Borkar, SIGMOD 2001
From Cohen Courses
Jump to navigationJump to searchCitation
Borkar, V., Deshmukh, K., and Sarawagi, S. 2001. Automatic segmentation of text into structured records. SIGMOD Rec. 30, 2 (Jun. 2001), 175-186.
Online version
Summary
In this paper, the authors used HMM approach to extract structured information from text by doing text segmentation.
- Instead of using the naive HMM which represents every entity with a state, they proposed a nested HMM model where they use an inner HMM for each entity. In this two level model the outer HMM helps with the order among the entities and inner HMMs deal with entities with different length.
- The authors used a hierarchical feature selection method where they started with the original symbols and pruned till they found the right level of taxonomy by using validation set.
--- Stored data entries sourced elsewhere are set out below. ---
lemma sandwich_mult:
  assumes "b \<^bold>* a = a \<^bold>* b" and "a \<^bold>* y \<^bold>* a = a \<^bold>* y' \<^bold>* a"
    and "b \<^bold>* y' \<^bold>* b = b \<^bold>* x \<^bold>* b"
  shows "a \<^bold>* b \<^bold>* y \<^bold>* (a \<^bold>* b) = a \<^bold>* b \<^bold>* x \<^bold>* (a \<^bold>* b)"
proof -
  have "a \<^bold>* b \<^bold>* y \<^bold>* (a \<^bold>* b) = b \<^bold>* (a \<^bold>* y \<^bold>* a) \<^bold>* b"
    by (metis assms(1) assoc)
  also have "\<dots> = a \<^bold>* (b \<^bold>* y' \<^bold>* b) \<^bold>* a"
    by (metis assms(1,2) assoc)
  also have "\<dots> = a \<^bold>* b \<^bold>* x \<^bold>* (a \<^bold>* b)"
    by (metis assms(1,3) assoc)
  finally show ?thesis .
qed

lemma compression_eq_commuting_corner:
  assumes qq: "q \<^bold>* q = q" and ss: "s \<^bold>* s = s" and sq: "s \<^bold>* q = q \<^bold>* s"
    and twirl: "\<forall>x\<in>A. \<exists>y\<in>A. s \<^bold>* y = y \<^bold>* s \<and> s \<^bold>* y \<^bold>* s = s \<^bold>* x \<^bold>* s"
  shows "{q \<^bold>* s \<^bold>* x \<^bold>* (q \<^bold>* s) | x. x \<in> A} =
    {h \<^bold>* (q \<^bold>* s) | h. h \<in> {q \<^bold>* x \<^bold>* q | x. x \<in> A} \<and> h \<^bold>* (q \<^bold>* s) = q \<^bold>* s \<^bold>* h}"
    (is "?L = ?R")
proof
  show "?L \<subseteq> ?R"
  proof
    fix z assume "z \<in> ?L"
    then obtain x where x: "x \<in> A" and z: "z = q \<^bold>* s \<^bold>* x \<^bold>* (q \<^bold>* s)" by blast
    then obtain y where y: "y \<in> A" and ys: "s \<^bold>* y = y \<^bold>* s"
      and sys: "s \<^bold>* y \<^bold>* s = s \<^bold>* x \<^bold>* s"
      using twirl by blast
    have "z = q \<^bold>* y \<^bold>* q \<^bold>* (q \<^bold>* s)"
      by (metis z sys ys qq ss sq assoc)
    moreover have "q \<^bold>* y \<^bold>* q \<^bold>* (q \<^bold>* s) = q \<^bold>* s \<^bold>* (q \<^bold>* y \<^bold>* q)"
      by (metis ys qq sq assoc)
    ultimately show "z \<in> ?R" using y by blast
  qed
next
  show "?R \<subseteq> ?L"
  proof
    fix z assume "z \<in> ?R"
    then obtain x where x: "x \<in> A" and z: "z = q \<^bold>* x \<^bold>* q \<^bold>* (q \<^bold>* s)"
      and comm: "q \<^bold>* x \<^bold>* q \<^bold>* (q \<^bold>* s) = q \<^bold>* s \<^bold>* (q \<^bold>* x \<^bold>* q)"
      by blast
    have "z = q \<^bold>* s \<^bold>* (q \<^bold>* x \<^bold>* q) \<^bold>* (q \<^bold>* s)"
      using idem_mult[OF qq ss sq[symmetric]] by (metis z comm assoc)
    also have "\<dots> = q \<^bold>* s \<^bold>* x \<^bold>* (q \<^bold>* s)"
      by (metis qq sq assoc)
    finally show "z \<in> ?L" using x by blast
  qed
qed

end

section \<open>Operators on a finite configuration space\<close>

definition supported :: "'x cfg set \<Rightarrow> 'x op \<Rightarrow> bool" where
  "supported C A \<longleftrightarrow> (\<forall>\<sigma> \<tau>. \<sigma> \<notin> C \<or> \<tau> \<notin> C \<longrightarrow> A \<sigma> \<tau> = 0)"

lemma supported_opmul [simp]: "supported C (opmul C A B)"
  by (simp add: supported_def opmul_def)

lemma supported_opid [simp]: "supported C (opid C)"
  by (simp add: supported_def opid_def)

lemma opmul_assoc: "opmul C (opmul C A B) D = opmul C A (opmul C B D)"
proof (intro ext)
  fix \<sigma> \<tau>
  show "opmul C (opmul C A B) D \<sigma> \<tau> = opmul C A (opmul C B D) \<sigma> \<tau>"
  proof (cases "\<sigma> \<in> C \<and> \<tau> \<in> C")
    case True
    have "opmul C (opmul C A B) D \<sigma> \<tau> = (\<Sum>\<rho>\<in>C. \<Sum>\<rho>'\<in>C. A \<sigma> \<rho>' * B \<rho>' \<rho> * D \<rho> \<tau>)"
      using True by (auto simp: opmul_def sum_distrib_right intro!: sum.cong)
    also have "\<dots> = (\<Sum>\<rho>'\<in>C. A \<sigma> \<rho>' * (\<Sum>\<rho>\<in>C. B \<rho>' \<rho> * D \<rho> \<tau>))"
      by (subst sum.swap) (simp add: sum_distrib_left mult.assoc)
    also have "\<dots> = opmul C A (opmul C B D) \<sigma> \<tau>"
      using True by (auto simp: opmul_def intro!: sum.cong)
    finally show ?thesis .
  qed (auto simp: opmul_def)
qed

interpretation opmul: semigroup "opmul C" for C
  by unfold_locales (rule opmul_assoc)

lemma opmul_opid_left: "finite C \<Longrightarrow> supported C A \<Longrightarrow> opmul C (opid C) A = A"
  by (auto simp: opmul_def opid_def supported_def if_distrib[of "\<lambda>x. x * _"] cong: if_cong intro!: ext)

lemma opmul_opid_right: "finite C \<Longrightarrow> supported C A \<Longrightarrow> opmul C A (opid C) = A"
  by (auto simp: opmul_def opid_def supported_def if_distrib[of "\<lambda>x. _ * x"] cong: if_cong intro!: ext)

abbreviation commuting :: "'x cfg set \<Rightarrow> ('i \<Rightarrow> 'x op) \<Rightarrow> 'i set \<Rightarrow> bool" where
  "commuting C P I \<equiv> pairwise (\<lambda>i j. opmul C (P i) (P j) = opmul C (P j) (P i)) I"

lemma opprod_empty [simp]: "opprod C P {} = opid C"
  by (simp add: opprod_def)

lemma opprod_insert:
  assumes "finite I" and "i \<notin> I" and comm: "commuting C P (insert i I)"
  shows "opprod C P (insert i I) = opmul C (P i) (opprod C P I)"
proof -
  have "comp_fun_commute_on (insert i I) (\<lambda>i. opmul C (P i))"
  proof
    fix x y assume "x \<in> insert i I" "y \<in> insert i I"
    then have "opmul C (P y) (P x) = opmul C (P x) (P y)"
      using comm unfolding pairwise_def by (cases "x = y") (simp, metis)
    then show "opmul C (P y) \<circ> opmul C (P x) = opmul C (P x) \<circ> opmul C (P y)"
      unfolding comp_def by (simp only: opmul_assoc[symmetric])
  qed
  then show ?thesis
    unfolding opprod_def using assms(1,2) by (rule comp_fun_commute_on.fold_insert[OF _ subset_refl])
qed

lemma supported_opprod: "finite I \<Longrightarrow> commuting C P I \<Longrightarrow> supported C (opprod C P I)"
proof (induction I rule: finite_induct)
  case (insert i I)
  then show ?case by (simp only: opprod_insert[OF insert.hyps insert.prems] supported_opmul)
qed simp

lemma opprod_commute:
  assumes "finite C" and "supported C B"
  shows "finite I \<Longrightarrow> commuting C P I \<Longrightarrow> (\<forall>i\<in>I. opmul C B (P i) = opmul C (P i) B) \<Longrightarrow>
    opmul C B (opprod C P I) = opmul C (opprod C P I) B"
proof (induction I rule: finite_induct)
  case empty
  then show ?case using assms by (simp add: opmul_opid_left opmul_opid_right)
next
  case (insert i I)
  have "commuting C P I"
    using insert.prems(1) by (rule pairwise_subset) blast
  with insert have "opmul C B (opmul C (P i) (opprod C P I)) = opmul C (opmul C (P i) (opprod C P I)) B"
    by (intro opmul.commute_mult) auto
  then show ?case
    by (simp only: opprod_insert[OF insert.hyps insert.prems(1)])
qed

lemma opprod_idem:
  assumes "finite C"
  shows "finite I \<Longrightarrow> commuting C P I \<Longrightarrow> \<forall>i\<in>I. supported C (P i) \<and> opmul C (P i) (P i) = P i \<Longrightarrow>
    opmul C (opprod C P I) (opprod C P I) = opprod C P I"
proof (induction I rule: finite_induct)
  case empty
  then show ?case using assms by (simp add: opmul_opid_left)
next
  case (insert i I)
  have comm: "commuting C P I"
    using insert.prems(1) by (rule pairwise_subset) blast
  have "opmul C (P i) (opprod C P I) = opmul C (opprod C P I) (P i)"
    using insert comm assms by (intro opprod_commute) (auto simp: pairwise_def)
  moreover have "opmul C (opprod C P I) (opprod C P I) = opprod C P I"
    using insert comm by blast
  ultimately show ?case
    using insert.prems(2) opmul.idem_mult[of C "P i" "opprod C P I"]
    by (simp only: opprod_insert[OF insert.hyps insert.prems(1)] insert_iff simp_thms)
qed

lemma opprod_union:
  assumes "finite C" and "finite A" and "finite B" and "A \<inter> B = {}" and "commuting C P (A \<union> B)"
  shows "opprod C P (A \<union> B) = opmul C (opprod C P A) (opprod C P B)"
  using assms(2-)
proof (induction A rule: finite_induct)
  case empty
  then show ?case using assms(1) by (simp add: opmul_opid_left supported_opprod)
next
  case (insert a A)
  have comm: "commuting C P (insert a A)" "commuting C P (A \<union> B)" "commuting C P (insert a (A \<union> B))"
    using insert.prems(3) by (auto intro: pairwise_subset)
  have "opprod C P (insert a A \<union> B) = opmul C (P a) (opprod C P (A \<union> B))"
    using insert comm(3) by (simp add: opprod_insert)
  also have "\<dots> = opmul C (opmul C (P a) (opprod C P A)) (opprod C P B)"
    using insert comm(2) by (simp add: opmul_assoc)
  also have "\<dots> = opmul C (opprod C P (insert a A)) (opprod C P B)"
    using insert.hyps comm(1) by (simp add: opprod_insert)
  finally show ?case .
qed

section \<open>Integrals of operator-valued functions\<close>

definition op_adj :: "'x op \<Rightarrow> 'x op" where
  "op_adj A = (\<lambda>\<sigma> \<tau>. cnj (A \<tau> \<sigma>))"

definition op_lint :: "'g measure \<Rightarrow> ('g \<Rightarrow> 'x op) \<Rightarrow> 'x op" where
  "op_lint M F = (\<lambda>\<sigma> \<tau>. LINT g|M. F g \<sigma> \<tau>)"

definition bounded_family :: "'x cfg set \<Rightarrow> 'g measure \<Rightarrow> ('g \<Rightarrow> 'x op) \<Rightarrow> bool" where
  "bounded_family C M F \<longleftrightarrow> (\<forall>\<sigma> \<tau>. (\<lambda>g. F g \<sigma> \<tau>) \<in> borel_measurable M) \<and>
     (\<exists>B. \<forall>g\<in>space M. \<forall>\<sigma>\<in>C. \<forall>\<tau>\<in>C. norm (F g \<sigma> \<tau>) \<le> B)"

lemma integrable_bounded_family:
  assumes "finite_measure M" and "bounded_family C M F" and "\<sigma> \<in> C" and "\<tau> \<in> C"
  shows "integrable M (\<lambda>g. F g \<sigma> \<tau>)"
proof -
  obtain B where "\<forall>g\<in>space M. \<forall>\<sigma>\<in>C. \<forall>\<tau>\<in>C. norm (F g \<sigma> \<tau>) \<le> B"
    using assms(2) unfolding bounded_family_def by blast
  with assms show ?thesis
    unfolding bounded_family_def
    by (intro finite_measure.integrable_const_bound[where B=B]) (auto intro!: AE_I2)
qed

lemma bounded_family_const:
  assumes "finite C"
  shows "bounded_family C M (\<lambda>g. X)"
proof -
  have "norm (X \<sigma> \<tau>) \<le> (\<Sum>p\<in>C \<times> C. norm (X (fst p) (snd p)))" if "\<sigma> \<in> C" "\<tau> \<in> C" for \<sigma> \<tau>
    using member_le_sum[of "(\<sigma>, \<tau>)" "C \<times> C" "\<lambda>p. norm (X (fst p) (snd p))"] that assms by simp
  then show ?thesis
    unfolding bounded_family_def by auto
qed

lemma bounded_family_opmul:
  assumes F: "bounded_family C M F" and H: "bounded_family C M H"
  shows "bounded_family C M (\<lambda>g. opmul C (F g) (H g))"
proof -
  have [measurable]: "(\<lambda>g. F g \<sigma> \<tau>) \<in> borel_measurable M" "(\<lambda>g. H g \<sigma> \<tau>) \<in> borel_measurable M" for \<sigma> \<tau>
    using F H unfolding bounded_family_def by blast+
  obtain B1 where B1: "\<forall>g\<in>space M. \<forall>\<sigma>\<in>C. \<forall>\<tau>\<in>C. norm (F g \<sigma> \<tau>) \<le> B1"
    using F unfolding bounded_family_def by blast
  obtain B2 where B2: "\<forall>g\<in>space M. \<forall>\<sigma>\<in>C. \<forall>\<tau>\<in>C. norm (H g \<sigma> \<tau>) \<le> B2"
    using H unfolding bounded_family_def by blast
  have "norm (opmul C (F g) (H g) \<sigma> \<tau>) \<le> real (card C) * (B1 * B2)"
    if "g \<in> space M" "\<sigma> \<in> C" "\<tau> \<in> C" for g \<sigma> \<tau>
  proof -
    have "norm (opmul C (F g) (H g) \<sigma> \<tau>) \<le> (\<Sum>\<rho>\<in>C. norm (F g \<sigma> \<rho>) * norm (H g \<rho> \<tau>))"
      using that norm_sum[of "\<lambda>\<rho>. F g \<sigma> \<rho> * H g \<rho> \<tau>" C] by (simp add: opmul_def norm_mult)
    also have "\<dots> \<le> (\<Sum>\<rho>\<in>C. B1 * B2)"
      using that B1 B2 by (intro sum_mono mult_mono') (simp_all add: norm_ge_zero)
    finally show ?thesis by simp
  qed
  moreover have "(\<lambda>g. opmul C (F g) (H g) \<sigma> \<tau>) \<in> borel_measurable M" for \<sigma> \<tau>
    unfolding opmul_def by measurable
  ultimately show ?thesis
    unfolding bounded_family_def by blast
qed

lemma bounded_family_op_adj:
  assumes "bounded_family C M F"
  shows "bounded_family C M (\<lambda>g. op_adj (F g))"
proof -
  obtain B where "\<forall>g\<in>space M. \<forall>\<sigma>\<in>C. \<forall>\<tau>\<in>C. norm (F g \<sigma> \<tau>) \<le> B"
    using assms unfolding bounded_family_def by blast
  moreover have "(\<lambda>g. cnj (F g \<tau> \<sigma>)) \<in> borel_measurable M" for \<sigma> \<tau>
    using assms unfolding bounded_family_def
    by (intro borel_measurable_continuous_on[OF continuous_on_cnj[OF continuous_on_id]]) blast
  ultimately show ?thesis
    unfolding bounded_family_def op_adj_def complex_mod_cnj by blast
qed
(* Let $L$ be any finite-dimensional Lie algebra over a field $F$. Then $\phi^*(L)=R(L)$, the solvable radical of $L$.
   Context: For a nonzero subalgebra $X$ of $L$, the strict core $k(X)$ is the sum of all ideals of $L$ that are proper subalgebras of $X$ (it is $0$ if there are none). For a maximal subalgebra $M$ of $L$, a subalgebra $C$ is a completion of $M$ if $C\not\subseteq M$ but every proper subalgebra of $C$ that is an ideal of $L$ is contained in $M$; an ideal completion is a completion that is an ideal of $L$; an abelian ideal completion is an ideal completion $C$ with $C/k(C)$ abelian. $F^*(L)$ is the intersection of all maximal subalgebras of $L$ which have no abelian ideal completion (with $F^*(L)=L$ if there are no such maximal subalgebras), and $\phi^*(L)$ is the largest ideal of $L$ contained in $F^*(L)$. $R(L)$ is the largest solvable ideal of $L$. *)

theory Defs
  imports Main "HOL.Vector_Spaces"
begin

definition lie_algebra :: "('a::field \<Rightarrow> 'b::ab_group_add \<Rightarrow> 'b) \<Rightarrow> ('b \<Rightarrow> 'b \<Rightarrow> 'b) \<Rightarrow> bool" where
  "lie_algebra scale br \<longleftrightarrow>
     vector_space scale \<and>
     (\<forall>x y z. br (x + y) z = br x z + br y z) \<and>
     (\<forall>x y z. br x (y + z) = br x y + br x z) \<and>
     (\<forall>a x y. br (scale a x) y = scale a (br x y)) \<and>
     (\<forall>a x y. br x (scale a y) = scale a (br x y)) \<and>
     (\<forall>x. br x x = 0) \<and>
     (\<forall>x y z. br x (br y z) + br y (br z x) + br z (br x y) = 0)"

definition fin_dim :: "('a::field \<Rightarrow> 'b::ab_group_add \<Rightarrow> 'b) \<Rightarrow> bool" where
  "fin_dim scale \<longleftrightarrow> (\<exists>B. finite B \<and> module.span scale B = UNIV)"

definition lie_subalgebra :: "('a::field \<Rightarrow> 'b::ab_group_add \<Rightarrow> 'b) \<Rightarrow> ('b \<Rightarrow> 'b \<Rightarrow> 'b) \<Rightarrow> 'b set \<Rightarrow> bool" where
  "lie_subalgebra scale br S \<longleftrightarrow> module.subspace scale S \<and> (\<forall>x\<in>S. \<forall>y\<in>S. br x y \<in> S)"

definition lie_ideal :: "('a::field \<Rightarrow> 'b::ab_group_add \<Rightarrow> 'b) \<Rightarrow> ('b \<Rightarrow> 'b \<Rightarrow> 'b) \<Rightarrow> 'b set \<Rightarrow> bool" where
  "lie_ideal scale br I \<longleftrightarrow> module.subspace scale I \<and> (\<forall>x. \<forall>y\<in>I. br x y \<in> I)"

definition lie_bracket_set :: "('a::field \<Rightarrow> 'b::ab_group_add \<Rightarrow> 'b) \<Rightarrow> ('b \<Rightarrow> 'b \<Rightarrow> 'b) \<Rightarrow> 'b set \<Rightarrow> 'b set \<Rightarrow> 'b set" where
  "lie_bracket_set scale br S T = module.span scale {br x y | x y. x \<in> S \<and> y \<in> T}"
- They used standard training methods to estimate the probabilities and absolute smoothing to differentiate known and unknown symbols.
- The authors modified the Viterbi algorithm in order to restrict Viterbi search to explore paths that are invalid due to some constraints.
The authors experimented on three real-life data sets and found that their nested model performs better than naive HMM or Independent HMM which uses one HMM for each entity. The results show that at overall HMMs perform better than rule learning systems which has a very low recall when compared to HMMs. The paper also proves that HMM are fast learners which makes them reach their maximum accuracy with small number of documents.